Repertoire Dass von Ročićs Saisonplänen nur ein "Scherbenhaufen" übrig blieb, wie er selbst sagte, gilt vor allem für den Repertoire-Betrieb: Der Lockdown sorgte ab November rund sechs Monate für geschlossene Operntüren; die TV-Aufzeichnungen waren dann vor allem für Prestige-Premieren reserviert. Nur wenig Repertoire schaffte es in dieser Zeit auf den Schirm; was stattfand, wurde oft mit ungewohnter Kurzfristigkeit disponiert. Das konnte so weit gehen, dass die Kritiker am Nachmittag zu einer "Figaro"-Aufzeichnung am gleichen Abend eingeladen wurden.
Die Regiearbeiten, die die neue Direktion aus dem Fundus geholt hat, sind veritable Klassiker: die "Tosca" von Margarethe Wallmann, auch die "Elektra" in der Inszenierung von Harry Kupfer, deren Bewegungsregie bei der Wiederaufnahme unverhofft drahtig geriet. Erfrischend auch, dass Ročić den "Don Carlos" in der Lesart von Regietheater-Legende Peter Konwitschny reaktiviert hat. Dabei erzielte diese Wiederaufnahme eine überraschende Wirkung, denn sie entzweite das Publikum ähnlich stark wie die Premiere 2004. Auf den Schlussvorhang folgte ein Scharmützel zwischen Bravo- und Buhrufen. Eine Aufführung mit Erinnerungswert - und ein Beweis dafür, welche Gefühlsintensität ein Opernabend auszulösen vermag, der nicht mit sattem Zufriedenheitsapplaus endet.
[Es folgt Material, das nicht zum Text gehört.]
lemma set_prod_swap_first_two:
  assumes n: "2 \<le> n" and \<sigma>: "\<sigma> permutes {..<n}"
  shows "set_prod scale n mul \<sigma> (a # b # R)
       = set_prod scale n mul (transpose 0 1 \<circ> \<sigma>) (b # a # R)"
proof -
  have \<sigma>_less: "\<And>r. r < n \<Longrightarrow> \<sigma> r < n"
    using \<sigma> by (meson lessThan_iff permutes_in_image)
  then have \<tau>_less: "\<And>r. r < n \<Longrightarrow> (transpose 0 1 \<circ> \<sigma>) r < n"
    using transpose_0_1_less[OF n] by simp
  have "transpose 0 1 \<circ> (transpose 0 1 \<circ> \<sigma>) = \<sigma>"
    by (simp add: fun_eq_iff)
  then show ?thesis
    unfolding set_prod_def
    using set_prod_generators_swap_subset[OF n \<sigma>_less, where mul=mul and a=a and b=b and R=R]
          set_prod_generators_swap_subset[OF n \<tau>_less, where mul=mul and a=b and b=a and R=R]
    by (intro arg_cong[where f="module.span scale"] equalityI) simp_all
qed

lemma a_map_swap_first_two:
  assumes "2 \<le> n" and "\<sigma> permutes {..<n}"
  shows "a_map scale n mul V I e \<sigma> (x # y # R)
       = a_map scale n mul V I e (transpose 0 1 \<circ> \<sigma>) (y # x # R)"
  unfolding a_map_def
  using set_prod_swap_first_two[OF assms, where scale=scale and mul=mul and a="u_set V e x"
          and b="u_set V e y" and R="map (u_set V e) R"]
  by simp

lemma ex_a_map_singleton_swap_first_two:
  assumes n: "2 \<le> n"
    and "\<sigma> permutes {..<n}" and "a_map scale n mul V I e \<sigma> (x # y # R) = {c}"
  shows "\<exists>\<tau>. \<tau> permutes {..<n} \<and> a_map scale n mul V I e \<tau> (y # x # R) = {c}"
proof (intro exI conjI)
  show "transpose 0 1 \<circ> \<sigma> permutes {..<n}"
    using assms(2) n by (intro permutes_compose permutes_swap_id) auto
  show "a_map scale n mul V I e (transpose 0 1 \<circ> \<sigma>) (y # x # R) = {c}"
    using assms(3) a_map_swap_first_two[OF n assms(2), where scale=scale and mul=mul
            and V=V and I=I and e=e and x=x and y=y and R=R]
    by simp
qed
Pandemie/Digitales Angebot Die Staatsoper hat - im Unterschied zu anderen - schnell reagiert auf die Schließungen und den Weg zu ihrer Klientel geändert: Die Premieren wurden gestreamt sowie via ORF übertragen. Ein kluger Schachzug, um sowohl den Kontakt zum Publikum als auch zu den Künstlern nicht zu verlieren. Die digitalen Einführungsmatineen, die dafür entstanden sind, erwiesen sich als voller Erfolg, sie dürfen nach der Pandemie bleiben. Die Digitalisierung nutzte das Haus aber auch für eine ungewohnte Aktion: Die Architekturführungen, bei denen sich Besucher selbst mittels QR-Codes durch das Gebäude lotsen konnten, brachten neues Publikum und verankerten die Oper ein Stück mehr in der Stadt. Damit hat Ročić eines seiner Kernziele, nämlich das Haus zu öffnen, trotz widrigster Umstände zumindest ein klein wenig umsetzen können.
Insgesamt Respekt: Künstlerisch hat Ročić weitaus mehr bewegt, als unter den Pandemiefesseln denkbar schien. Wie seine Programmpolitik beim Publikum ankommt, wird sich aber erst ab Herbst herauskristallisieren - wenn die Sänger, so Delta und Co. es zulassen, wieder an jedem Abend vor vollem Saal spielen.